YOUR OBJECTIVE
Find every line containing "normalized" in the records below and report the tally as a bare number.

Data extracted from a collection

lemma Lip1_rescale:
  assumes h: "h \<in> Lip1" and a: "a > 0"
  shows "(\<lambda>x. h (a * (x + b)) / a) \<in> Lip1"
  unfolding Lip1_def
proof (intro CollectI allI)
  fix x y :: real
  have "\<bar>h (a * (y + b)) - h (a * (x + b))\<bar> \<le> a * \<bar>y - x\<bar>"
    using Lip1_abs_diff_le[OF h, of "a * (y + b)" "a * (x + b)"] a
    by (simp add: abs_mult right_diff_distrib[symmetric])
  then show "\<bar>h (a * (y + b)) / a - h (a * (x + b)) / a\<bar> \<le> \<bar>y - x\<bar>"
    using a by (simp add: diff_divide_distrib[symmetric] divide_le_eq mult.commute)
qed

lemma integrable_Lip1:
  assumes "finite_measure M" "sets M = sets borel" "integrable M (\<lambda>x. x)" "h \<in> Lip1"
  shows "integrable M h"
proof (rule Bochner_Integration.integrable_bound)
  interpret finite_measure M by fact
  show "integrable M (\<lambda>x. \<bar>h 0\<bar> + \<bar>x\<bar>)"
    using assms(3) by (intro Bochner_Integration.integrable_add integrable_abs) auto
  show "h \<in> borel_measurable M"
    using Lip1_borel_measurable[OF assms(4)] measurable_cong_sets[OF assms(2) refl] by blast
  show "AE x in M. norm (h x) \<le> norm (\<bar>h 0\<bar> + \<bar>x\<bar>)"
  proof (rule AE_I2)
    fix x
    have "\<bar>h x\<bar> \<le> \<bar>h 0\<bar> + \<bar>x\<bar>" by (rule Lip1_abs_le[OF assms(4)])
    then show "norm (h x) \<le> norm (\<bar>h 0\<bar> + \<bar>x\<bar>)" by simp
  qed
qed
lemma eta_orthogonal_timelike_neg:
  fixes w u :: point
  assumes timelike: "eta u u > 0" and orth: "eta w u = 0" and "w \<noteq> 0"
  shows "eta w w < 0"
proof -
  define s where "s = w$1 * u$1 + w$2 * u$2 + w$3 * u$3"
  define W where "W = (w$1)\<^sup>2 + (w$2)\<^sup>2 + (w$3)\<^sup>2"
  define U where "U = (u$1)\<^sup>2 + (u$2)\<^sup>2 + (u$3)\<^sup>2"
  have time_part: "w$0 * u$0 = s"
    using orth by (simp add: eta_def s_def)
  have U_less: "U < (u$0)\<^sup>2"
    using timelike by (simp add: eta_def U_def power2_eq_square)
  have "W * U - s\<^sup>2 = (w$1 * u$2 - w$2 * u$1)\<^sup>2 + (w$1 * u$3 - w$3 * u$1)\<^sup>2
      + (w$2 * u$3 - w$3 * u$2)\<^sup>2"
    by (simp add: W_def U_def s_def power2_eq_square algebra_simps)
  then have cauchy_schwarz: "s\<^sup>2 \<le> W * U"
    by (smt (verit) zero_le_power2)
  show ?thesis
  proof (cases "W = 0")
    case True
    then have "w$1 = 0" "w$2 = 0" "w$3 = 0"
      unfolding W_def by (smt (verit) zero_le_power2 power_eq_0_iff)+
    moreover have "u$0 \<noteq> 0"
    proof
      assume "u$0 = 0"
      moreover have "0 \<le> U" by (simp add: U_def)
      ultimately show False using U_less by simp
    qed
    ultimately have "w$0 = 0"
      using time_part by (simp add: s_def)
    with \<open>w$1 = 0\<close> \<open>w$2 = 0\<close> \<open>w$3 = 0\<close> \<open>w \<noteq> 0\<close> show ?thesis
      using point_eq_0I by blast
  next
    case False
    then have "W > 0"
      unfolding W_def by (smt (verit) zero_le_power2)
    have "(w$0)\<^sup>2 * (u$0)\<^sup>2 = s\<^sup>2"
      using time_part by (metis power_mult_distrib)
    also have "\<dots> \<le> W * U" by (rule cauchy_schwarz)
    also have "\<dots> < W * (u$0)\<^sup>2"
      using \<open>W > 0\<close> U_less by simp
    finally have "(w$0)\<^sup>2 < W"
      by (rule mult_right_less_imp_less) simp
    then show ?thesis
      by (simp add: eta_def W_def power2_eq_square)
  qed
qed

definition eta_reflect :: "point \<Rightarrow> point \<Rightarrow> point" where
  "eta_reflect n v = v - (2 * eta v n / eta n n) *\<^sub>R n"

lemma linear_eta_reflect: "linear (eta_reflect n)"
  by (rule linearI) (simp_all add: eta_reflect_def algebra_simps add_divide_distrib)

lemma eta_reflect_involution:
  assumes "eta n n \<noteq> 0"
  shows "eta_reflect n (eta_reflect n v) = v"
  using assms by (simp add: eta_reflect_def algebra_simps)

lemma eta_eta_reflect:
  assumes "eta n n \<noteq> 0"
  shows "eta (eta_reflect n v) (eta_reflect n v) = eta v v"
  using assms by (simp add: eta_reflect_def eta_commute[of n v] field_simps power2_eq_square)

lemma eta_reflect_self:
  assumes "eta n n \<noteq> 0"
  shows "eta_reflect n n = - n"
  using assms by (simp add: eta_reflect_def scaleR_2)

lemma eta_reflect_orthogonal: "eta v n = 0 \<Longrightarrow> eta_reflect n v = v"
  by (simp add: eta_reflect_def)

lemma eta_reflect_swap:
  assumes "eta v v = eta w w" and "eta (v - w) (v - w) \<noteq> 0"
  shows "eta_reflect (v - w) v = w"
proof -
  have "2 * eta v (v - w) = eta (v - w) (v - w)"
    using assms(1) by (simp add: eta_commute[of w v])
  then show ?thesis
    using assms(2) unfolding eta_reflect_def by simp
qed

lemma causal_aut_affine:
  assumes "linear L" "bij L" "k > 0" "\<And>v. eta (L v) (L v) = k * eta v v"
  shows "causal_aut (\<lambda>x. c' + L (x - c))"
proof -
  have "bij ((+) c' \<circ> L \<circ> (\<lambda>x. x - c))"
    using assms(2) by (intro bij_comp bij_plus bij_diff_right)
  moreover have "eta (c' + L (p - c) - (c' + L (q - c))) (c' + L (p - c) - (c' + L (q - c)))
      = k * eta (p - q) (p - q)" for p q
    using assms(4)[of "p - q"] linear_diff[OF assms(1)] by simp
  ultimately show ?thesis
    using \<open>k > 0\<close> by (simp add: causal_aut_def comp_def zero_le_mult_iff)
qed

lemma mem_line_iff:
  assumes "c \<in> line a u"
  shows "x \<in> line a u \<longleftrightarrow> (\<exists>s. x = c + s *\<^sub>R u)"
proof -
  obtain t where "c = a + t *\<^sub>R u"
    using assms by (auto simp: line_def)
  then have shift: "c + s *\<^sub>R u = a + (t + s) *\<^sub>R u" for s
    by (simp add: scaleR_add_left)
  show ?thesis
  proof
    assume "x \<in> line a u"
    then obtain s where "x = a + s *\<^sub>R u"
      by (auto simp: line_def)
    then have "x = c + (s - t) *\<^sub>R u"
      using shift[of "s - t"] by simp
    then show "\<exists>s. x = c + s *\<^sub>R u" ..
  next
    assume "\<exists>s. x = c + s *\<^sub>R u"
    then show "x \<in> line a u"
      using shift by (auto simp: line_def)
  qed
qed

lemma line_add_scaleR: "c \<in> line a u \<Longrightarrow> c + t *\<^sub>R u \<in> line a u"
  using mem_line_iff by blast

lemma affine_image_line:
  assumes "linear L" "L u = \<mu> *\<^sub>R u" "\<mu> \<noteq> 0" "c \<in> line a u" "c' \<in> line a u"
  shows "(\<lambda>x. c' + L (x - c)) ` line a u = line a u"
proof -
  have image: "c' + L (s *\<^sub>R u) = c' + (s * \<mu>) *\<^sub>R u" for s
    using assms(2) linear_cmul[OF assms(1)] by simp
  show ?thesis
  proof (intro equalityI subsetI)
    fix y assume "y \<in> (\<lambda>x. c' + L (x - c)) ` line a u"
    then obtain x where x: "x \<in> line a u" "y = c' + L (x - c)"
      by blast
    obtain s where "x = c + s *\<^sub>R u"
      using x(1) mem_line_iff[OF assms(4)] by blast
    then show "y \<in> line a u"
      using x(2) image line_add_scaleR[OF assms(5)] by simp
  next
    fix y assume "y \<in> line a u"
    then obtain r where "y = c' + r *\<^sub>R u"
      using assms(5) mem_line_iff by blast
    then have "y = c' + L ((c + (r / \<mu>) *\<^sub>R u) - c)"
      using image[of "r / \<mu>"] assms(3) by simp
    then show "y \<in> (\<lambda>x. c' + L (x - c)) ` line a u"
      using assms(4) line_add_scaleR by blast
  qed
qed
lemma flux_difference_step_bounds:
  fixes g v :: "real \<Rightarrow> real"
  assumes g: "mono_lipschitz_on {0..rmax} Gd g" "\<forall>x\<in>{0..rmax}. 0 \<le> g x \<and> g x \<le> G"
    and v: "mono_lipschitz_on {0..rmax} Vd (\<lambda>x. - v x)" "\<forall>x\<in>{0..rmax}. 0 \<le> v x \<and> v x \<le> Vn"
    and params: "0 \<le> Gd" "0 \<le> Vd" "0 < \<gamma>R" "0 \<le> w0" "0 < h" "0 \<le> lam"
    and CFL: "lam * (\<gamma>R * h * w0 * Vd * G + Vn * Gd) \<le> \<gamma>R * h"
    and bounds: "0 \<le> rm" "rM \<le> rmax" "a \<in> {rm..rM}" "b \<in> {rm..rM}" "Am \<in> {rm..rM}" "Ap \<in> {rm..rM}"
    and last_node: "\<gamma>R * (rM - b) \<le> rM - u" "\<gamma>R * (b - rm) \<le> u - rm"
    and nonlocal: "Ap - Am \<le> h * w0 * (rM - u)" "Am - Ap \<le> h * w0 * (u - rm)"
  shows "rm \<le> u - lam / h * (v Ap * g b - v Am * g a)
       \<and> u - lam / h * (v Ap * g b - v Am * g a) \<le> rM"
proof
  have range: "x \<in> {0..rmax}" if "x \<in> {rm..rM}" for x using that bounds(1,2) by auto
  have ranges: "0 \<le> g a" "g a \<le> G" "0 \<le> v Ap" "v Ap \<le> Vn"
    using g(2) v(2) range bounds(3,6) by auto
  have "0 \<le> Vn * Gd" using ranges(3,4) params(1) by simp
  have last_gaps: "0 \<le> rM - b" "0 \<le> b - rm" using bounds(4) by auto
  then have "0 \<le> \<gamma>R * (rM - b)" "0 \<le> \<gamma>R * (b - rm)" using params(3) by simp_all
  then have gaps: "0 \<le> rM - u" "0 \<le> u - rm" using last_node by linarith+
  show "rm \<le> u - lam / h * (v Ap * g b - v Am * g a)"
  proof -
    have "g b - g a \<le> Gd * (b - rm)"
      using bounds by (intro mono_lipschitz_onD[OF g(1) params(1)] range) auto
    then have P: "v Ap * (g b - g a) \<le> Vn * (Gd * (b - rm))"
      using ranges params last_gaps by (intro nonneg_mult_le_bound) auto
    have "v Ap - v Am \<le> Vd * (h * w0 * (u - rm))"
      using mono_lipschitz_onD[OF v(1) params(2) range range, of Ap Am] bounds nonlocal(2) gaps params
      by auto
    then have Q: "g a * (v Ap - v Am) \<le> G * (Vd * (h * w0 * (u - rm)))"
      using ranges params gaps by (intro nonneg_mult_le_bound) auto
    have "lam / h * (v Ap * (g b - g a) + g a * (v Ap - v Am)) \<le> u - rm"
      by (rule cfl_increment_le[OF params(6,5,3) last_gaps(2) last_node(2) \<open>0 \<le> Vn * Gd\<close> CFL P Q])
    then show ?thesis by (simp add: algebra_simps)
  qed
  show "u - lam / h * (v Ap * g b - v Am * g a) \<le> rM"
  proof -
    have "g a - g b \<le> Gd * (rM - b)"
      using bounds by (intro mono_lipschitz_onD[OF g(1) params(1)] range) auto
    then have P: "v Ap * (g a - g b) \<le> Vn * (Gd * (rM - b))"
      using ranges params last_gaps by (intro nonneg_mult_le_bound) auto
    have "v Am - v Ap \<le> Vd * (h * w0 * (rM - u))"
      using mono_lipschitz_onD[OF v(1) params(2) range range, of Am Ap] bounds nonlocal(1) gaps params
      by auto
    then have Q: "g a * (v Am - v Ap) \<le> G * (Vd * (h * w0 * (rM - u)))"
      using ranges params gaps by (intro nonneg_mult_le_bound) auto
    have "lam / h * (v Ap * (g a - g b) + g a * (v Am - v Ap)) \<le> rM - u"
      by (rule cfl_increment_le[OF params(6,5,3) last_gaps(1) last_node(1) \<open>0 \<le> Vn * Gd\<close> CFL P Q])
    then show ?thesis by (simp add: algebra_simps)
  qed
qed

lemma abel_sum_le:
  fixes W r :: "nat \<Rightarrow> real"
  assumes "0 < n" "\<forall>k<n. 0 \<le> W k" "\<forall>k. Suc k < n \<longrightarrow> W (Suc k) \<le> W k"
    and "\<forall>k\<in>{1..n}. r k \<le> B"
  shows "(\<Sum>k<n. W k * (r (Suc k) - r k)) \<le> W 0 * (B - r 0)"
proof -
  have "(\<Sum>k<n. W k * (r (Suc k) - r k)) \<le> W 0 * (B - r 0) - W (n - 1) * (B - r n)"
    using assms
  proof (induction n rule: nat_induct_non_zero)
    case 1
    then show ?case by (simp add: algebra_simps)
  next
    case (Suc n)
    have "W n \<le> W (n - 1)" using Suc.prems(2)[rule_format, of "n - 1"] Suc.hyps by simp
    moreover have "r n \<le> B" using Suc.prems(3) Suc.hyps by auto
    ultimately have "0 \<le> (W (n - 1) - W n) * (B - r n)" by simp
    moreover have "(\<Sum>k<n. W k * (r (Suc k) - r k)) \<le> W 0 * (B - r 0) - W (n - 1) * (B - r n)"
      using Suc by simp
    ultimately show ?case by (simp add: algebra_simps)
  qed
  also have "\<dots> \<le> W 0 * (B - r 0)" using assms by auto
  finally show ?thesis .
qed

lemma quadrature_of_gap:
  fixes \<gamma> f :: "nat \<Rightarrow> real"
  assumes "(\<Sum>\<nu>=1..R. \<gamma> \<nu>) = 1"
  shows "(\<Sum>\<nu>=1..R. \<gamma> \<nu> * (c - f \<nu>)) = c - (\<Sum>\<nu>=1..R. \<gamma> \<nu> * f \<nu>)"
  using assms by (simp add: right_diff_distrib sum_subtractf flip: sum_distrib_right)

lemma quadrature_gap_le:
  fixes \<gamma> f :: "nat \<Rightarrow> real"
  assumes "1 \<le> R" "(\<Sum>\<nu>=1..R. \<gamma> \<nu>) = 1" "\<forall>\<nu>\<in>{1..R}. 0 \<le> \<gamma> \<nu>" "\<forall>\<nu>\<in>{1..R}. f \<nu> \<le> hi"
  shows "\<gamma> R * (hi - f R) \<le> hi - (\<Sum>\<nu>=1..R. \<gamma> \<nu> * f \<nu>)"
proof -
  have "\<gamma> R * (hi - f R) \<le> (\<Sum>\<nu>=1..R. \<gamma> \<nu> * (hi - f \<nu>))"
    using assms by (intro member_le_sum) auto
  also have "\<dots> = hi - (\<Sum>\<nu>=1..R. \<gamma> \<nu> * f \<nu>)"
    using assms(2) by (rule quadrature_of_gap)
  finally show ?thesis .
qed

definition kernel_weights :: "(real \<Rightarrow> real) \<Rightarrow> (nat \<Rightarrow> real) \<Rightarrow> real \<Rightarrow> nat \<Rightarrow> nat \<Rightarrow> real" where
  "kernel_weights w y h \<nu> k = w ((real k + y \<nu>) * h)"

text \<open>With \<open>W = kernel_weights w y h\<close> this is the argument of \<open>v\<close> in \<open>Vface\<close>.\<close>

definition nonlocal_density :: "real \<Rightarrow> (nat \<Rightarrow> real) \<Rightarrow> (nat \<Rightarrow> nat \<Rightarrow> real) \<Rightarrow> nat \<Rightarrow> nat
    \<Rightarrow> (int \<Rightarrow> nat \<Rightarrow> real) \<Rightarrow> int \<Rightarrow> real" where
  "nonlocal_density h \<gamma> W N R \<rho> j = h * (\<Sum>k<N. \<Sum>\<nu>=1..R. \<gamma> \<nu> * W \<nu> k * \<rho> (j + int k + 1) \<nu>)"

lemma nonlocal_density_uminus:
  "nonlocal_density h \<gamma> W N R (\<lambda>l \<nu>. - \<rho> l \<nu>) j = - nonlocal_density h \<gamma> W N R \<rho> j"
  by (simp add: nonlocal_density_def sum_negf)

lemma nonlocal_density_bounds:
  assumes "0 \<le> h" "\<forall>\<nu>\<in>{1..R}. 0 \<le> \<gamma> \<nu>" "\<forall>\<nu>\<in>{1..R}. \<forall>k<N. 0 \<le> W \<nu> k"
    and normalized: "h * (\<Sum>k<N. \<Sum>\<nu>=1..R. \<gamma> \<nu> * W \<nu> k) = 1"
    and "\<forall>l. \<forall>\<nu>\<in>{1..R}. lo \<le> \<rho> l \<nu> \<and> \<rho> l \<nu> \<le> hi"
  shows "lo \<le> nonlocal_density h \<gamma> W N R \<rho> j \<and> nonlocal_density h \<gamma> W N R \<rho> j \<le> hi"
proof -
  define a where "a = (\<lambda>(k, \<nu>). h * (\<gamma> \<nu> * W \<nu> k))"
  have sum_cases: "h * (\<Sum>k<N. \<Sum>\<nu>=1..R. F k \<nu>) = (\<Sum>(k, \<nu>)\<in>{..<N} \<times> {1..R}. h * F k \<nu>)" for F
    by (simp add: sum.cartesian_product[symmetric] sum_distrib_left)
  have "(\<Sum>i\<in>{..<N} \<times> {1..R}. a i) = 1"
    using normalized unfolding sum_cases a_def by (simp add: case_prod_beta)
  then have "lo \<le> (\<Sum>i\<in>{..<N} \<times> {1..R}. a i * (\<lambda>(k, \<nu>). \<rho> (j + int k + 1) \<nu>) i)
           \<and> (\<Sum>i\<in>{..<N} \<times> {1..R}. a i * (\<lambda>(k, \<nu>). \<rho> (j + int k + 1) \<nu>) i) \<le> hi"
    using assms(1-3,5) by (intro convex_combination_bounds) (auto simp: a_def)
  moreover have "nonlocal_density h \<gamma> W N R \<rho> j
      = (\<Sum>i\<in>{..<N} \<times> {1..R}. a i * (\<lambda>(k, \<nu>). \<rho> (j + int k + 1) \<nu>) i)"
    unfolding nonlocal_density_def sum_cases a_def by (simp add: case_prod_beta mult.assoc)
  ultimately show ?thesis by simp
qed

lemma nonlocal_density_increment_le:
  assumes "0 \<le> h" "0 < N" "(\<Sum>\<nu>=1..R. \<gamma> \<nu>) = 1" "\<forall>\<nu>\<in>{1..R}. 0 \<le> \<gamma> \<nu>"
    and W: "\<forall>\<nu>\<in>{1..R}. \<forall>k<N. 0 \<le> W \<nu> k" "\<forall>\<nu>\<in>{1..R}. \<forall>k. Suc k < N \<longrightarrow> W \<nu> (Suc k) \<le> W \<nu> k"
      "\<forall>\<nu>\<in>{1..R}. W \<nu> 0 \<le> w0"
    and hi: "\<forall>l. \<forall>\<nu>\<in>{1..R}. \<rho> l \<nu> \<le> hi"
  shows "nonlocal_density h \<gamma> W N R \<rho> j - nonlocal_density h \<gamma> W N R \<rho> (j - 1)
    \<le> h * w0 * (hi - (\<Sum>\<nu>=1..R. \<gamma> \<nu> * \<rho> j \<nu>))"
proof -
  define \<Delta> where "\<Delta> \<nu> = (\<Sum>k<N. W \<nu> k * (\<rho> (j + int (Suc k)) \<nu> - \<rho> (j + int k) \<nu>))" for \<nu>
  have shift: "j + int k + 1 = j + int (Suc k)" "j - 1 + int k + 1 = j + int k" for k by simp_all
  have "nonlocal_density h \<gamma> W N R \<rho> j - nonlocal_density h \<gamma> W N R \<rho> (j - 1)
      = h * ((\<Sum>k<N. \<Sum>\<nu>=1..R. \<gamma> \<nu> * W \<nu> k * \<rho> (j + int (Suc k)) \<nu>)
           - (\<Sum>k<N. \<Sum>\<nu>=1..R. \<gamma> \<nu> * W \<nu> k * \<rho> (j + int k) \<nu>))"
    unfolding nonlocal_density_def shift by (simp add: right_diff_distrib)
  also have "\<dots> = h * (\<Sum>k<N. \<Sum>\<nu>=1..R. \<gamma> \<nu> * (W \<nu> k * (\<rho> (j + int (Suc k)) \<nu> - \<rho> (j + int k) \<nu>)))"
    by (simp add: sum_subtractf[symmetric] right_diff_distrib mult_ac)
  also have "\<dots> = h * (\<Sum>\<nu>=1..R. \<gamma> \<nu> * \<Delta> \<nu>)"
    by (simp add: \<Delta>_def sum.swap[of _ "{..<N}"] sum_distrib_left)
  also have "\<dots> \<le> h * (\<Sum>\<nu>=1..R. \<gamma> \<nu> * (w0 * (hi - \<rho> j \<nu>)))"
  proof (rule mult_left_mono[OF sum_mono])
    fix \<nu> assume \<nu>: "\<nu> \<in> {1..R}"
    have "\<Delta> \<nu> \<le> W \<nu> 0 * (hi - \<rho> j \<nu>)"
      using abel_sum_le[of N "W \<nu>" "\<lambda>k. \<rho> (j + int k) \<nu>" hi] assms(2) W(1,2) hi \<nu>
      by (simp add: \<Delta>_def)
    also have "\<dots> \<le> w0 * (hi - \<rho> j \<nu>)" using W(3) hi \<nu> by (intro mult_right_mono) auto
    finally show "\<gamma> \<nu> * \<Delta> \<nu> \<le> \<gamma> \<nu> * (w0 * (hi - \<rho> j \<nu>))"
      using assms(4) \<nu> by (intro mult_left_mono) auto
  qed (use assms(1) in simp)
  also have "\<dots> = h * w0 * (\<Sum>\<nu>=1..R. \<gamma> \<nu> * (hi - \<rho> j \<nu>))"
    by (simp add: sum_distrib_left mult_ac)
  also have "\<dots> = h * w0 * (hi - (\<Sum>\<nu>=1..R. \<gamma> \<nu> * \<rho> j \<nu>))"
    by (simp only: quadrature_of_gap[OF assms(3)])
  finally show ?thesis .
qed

TASK RESPONSE
2